A note of reproach in his voice was enough for the whine to calm down instantly, but Sargnor felt panic growing among the crews. The trouble is that working on a geodesic module never became a profession - it was too simple. Nimble small ones were hired here for a year or two to make a fortune, and then start their own business. And now the very thought of danger terrified them.
Sargnor at first almost broke out, but then calmed down, remembering that he himself almost succumbed to panic. He joined the cartographic office sixteen years ago with two cousins. They quit long ago and opened their own company, where most of the money accumulated by Sargnor was invested. True, Chris and Karl now demanded that he personally take part in the affairs of the company, otherwise he should take his capital. That is w
hy he had to officially notify his superiors of his resignation. At the age of thirty-six, he was going to finally begin to live humanly: to play golf, go fishing, or maybe marry and have a family. It is a pity that the seventh module got in his way.
“Captain Evmuk, apparently, another cart ship has been here before us,” Gilpsy quickly chattered from Module Three. - Perhaps a forced landing?

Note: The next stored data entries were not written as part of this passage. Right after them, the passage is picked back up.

lemma norm_cos_point: "\<bar>t\<bar> \<le> 1 \<Longrightarrow> norm (cos_point t) = 1"
  by (simp add: cos_point_def cmod_def abs_square_le_1)

lemma cos_point_factorization:
  assumes "\<bar>t\<bar> \<le> 1"
  shows "(1 - cos_point t * z) * (1 - cnj (cos_point t) * z) = 1 - 2 * of_real t * z + z^2"
proof -
  have "(1 - cos_point t * z) * (1 - cnj (cos_point t) * z)
      = 1 - (cos_point t + cnj (cos_point t)) * z + cos_point t * cnj (cos_point t) * z^2"
    by (simp add: algebra_simps power2_eq_square)
  also have "cos_point t * cnj (cos_point t) = 1"
    using norm_cos_point[OF assms] by (simp add: complex_mult_cnj cmod_def)
  also have "cos_point t + cnj (cos_point t) = 2 * of_real t"
    by (simp add: cos_point_def complex_add_cnj)
  finally show ?thesis by simp
qed

(* For |t| <= 1, t = cos theta, we have cos_point t = exp (i theta) and this is the Chebyshev
   polynomial U_n(t) = sin ((n + 1) theta) / sin theta. *)
definition chebyshev_U :: "nat \<Rightarrow> real \<Rightarrow> complex" where
  "chebyshev_U n t = (\<Sum>i\<le>n. cos_point t ^ i * cnj (cos_point t) ^ (n - i))"

lemma chebyshev_U_0 [simp]: "chebyshev_U 0 t = 1"
  by (simp add: chebyshev_U_def)

lemma norm_sum_powers_le:
  fixes w v :: "'a::real_normed_div_algebra"
  assumes "norm w \<le> 1" and "norm v \<le> 1"
  shows "norm (\<Sum>i\<le>n. w^i * v^(n - i)) \<le> real n + 1"
proof -
  have "norm (\<Sum>i\<le>n. w^i * v^(n - i)) \<le> (\<Sum>i\<le>n. norm (w^i * v^(n - i)))"
    by (rule norm_sum)
  also have "\<dots> \<le> (\<Sum>i\<le>n. 1)"
    using assms by (intro sum_mono) (simp add: norm_mult norm_power power_le_one mult_le_one)
  finally show ?thesis by simp
qed

lemma norm_chebyshev_U_le: "\<bar>t\<bar> \<le> 1 \<Longrightarrow> norm (chebyshev_U n t) \<le> real n + 1"
  unfolding chebyshev_U_def by (rule norm_sum_powers_le) (simp_all add: norm_cos_point)

lemma geometric_product_sums:
  fixes w v z :: "'a::{real_normed_field,banach}"
  assumes "norm (w * z) < 1" and "norm (v * z) < 1"
  shows "(\<lambda>n. (\<Sum>i\<le>n. w^i * v^(n - i)) * z^n) sums (1 / ((1 - w * z) * (1 - v * z)))"
proof -
  have "(\<lambda>n. \<Sum>i\<le>n. (w * z)^i * (v * z)^(n - i)) sums ((\<Sum>n. (w * z)^n) * (\<Sum>n. (v * z)^n))"
    using assms by (intro Cauchy_product_sums) (simp_all add: norm_power summable_geometric)
  moreover have "(w * z)^i * (v * z)^(n - i) = w^i * v^(n - i) * z^n" if "i \<le> n" for i n
    using that by (simp add: power_mult_distrib algebra_simps flip: power_add)
  ultimately show ?thesis
    using assms by (simp add: suminf_geometric sum_distrib_right)
qed

lemma chebyshev_U_sums:
  assumes "\<bar>t\<bar> \<le> 1" and "norm z < 1"
  shows "(\<lambda>n. chebyshev_U n t * z^n) sums (1 / (1 - 2 * of_real t * z + z^2))"
proof -
  have "norm (cos_point t * z) < 1" "norm (cnj (cos_point t) * z) < 1"
    using assms by (simp_all add: norm_mult norm_cos_point)
  from geometric_product_sums[OF this] show ?thesis
    unfolding chebyshev_U_def cos_point_factorization[OF assms(1)] .
qed

lemma chebyshev_U_measurable [measurable]: "chebyshev_U n \<in> borel_measurable borel"
  unfolding chebyshev_U_def cos_point_def Complex_eq
  by (intro borel_measurable_continuous_onI continuous_intros)

section \<open>Power series with a positive Chebyshev representation\<close>

lemma powser_coeffs_unique:
  fixes a b :: "nat \<Rightarrow> complex"
  assumes "0 < r"
    and a: "\<And>z. norm z < r \<Longrightarrow> (\<lambda>n. a n * z^n) sums f z"
    and b: "\<And>z. norm z < r \<Longrightarrow> (\<lambda>n. b n * z^n) sums f z"
  shows "a = b"
proof -
  have radius: "0 < fps_conv_radius (Abs_fps c)"
    if "\<And>z. norm z < r \<Longrightarrow> (\<lambda>n. c n * z^n) sums f z" for c
  proof -
    have "summable (\<lambda>n. c n * of_real (r / 2) ^ n)"
      using that[of "of_real (r / 2)"] \<open>0 < r\<close> by (simp add: sums_iff)
    then have "ereal (r / 2) \<le> conv_radius c"
      using conv_radius_geI \<open>0 < r\<close> by fastforce
    then show ?thesis
      using \<open>0 < r\<close> by (simp add: fps_conv_radius_def)
        (metis ereal_less(2) half_gt_zero order_less_le_trans zero_ereal_def)
  qed
  have "eventually (\<lambda>z. z \<in> ball 0 r) (nhds 0)"
    using \<open>0 < r\<close> by (intro eventually_nhds_in_open) auto
  then have "eventually (\<lambda>z. eval_fps (Abs_fps a) z = eval_fps (Abs_fps b) z) (nhds 0)"
    by eventually_elim (use a b in \<open>simp add: eval_fps_def sums_iff\<close>)
  then have "Abs_fps a = Abs_fps b"
    using radius a b by (intro eval_fps_eqD) auto
  then show ?thesis by (intro ext) (metis fps_nth_Abs_fps)
qed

“No,” answered the Sarafanda firmly. - This possibility is excluded.
Sargnor pressed the intercom key and asked:
“Is there any underground installation here?”
“The map of the planet is not finished yet, but the ship computer has looked through all the available data.” The result is negative.
Gilpsy from the Third again intervened in the conversation:
- I understood that this extra module made no attempt to establish communication with the ship or with us. Why?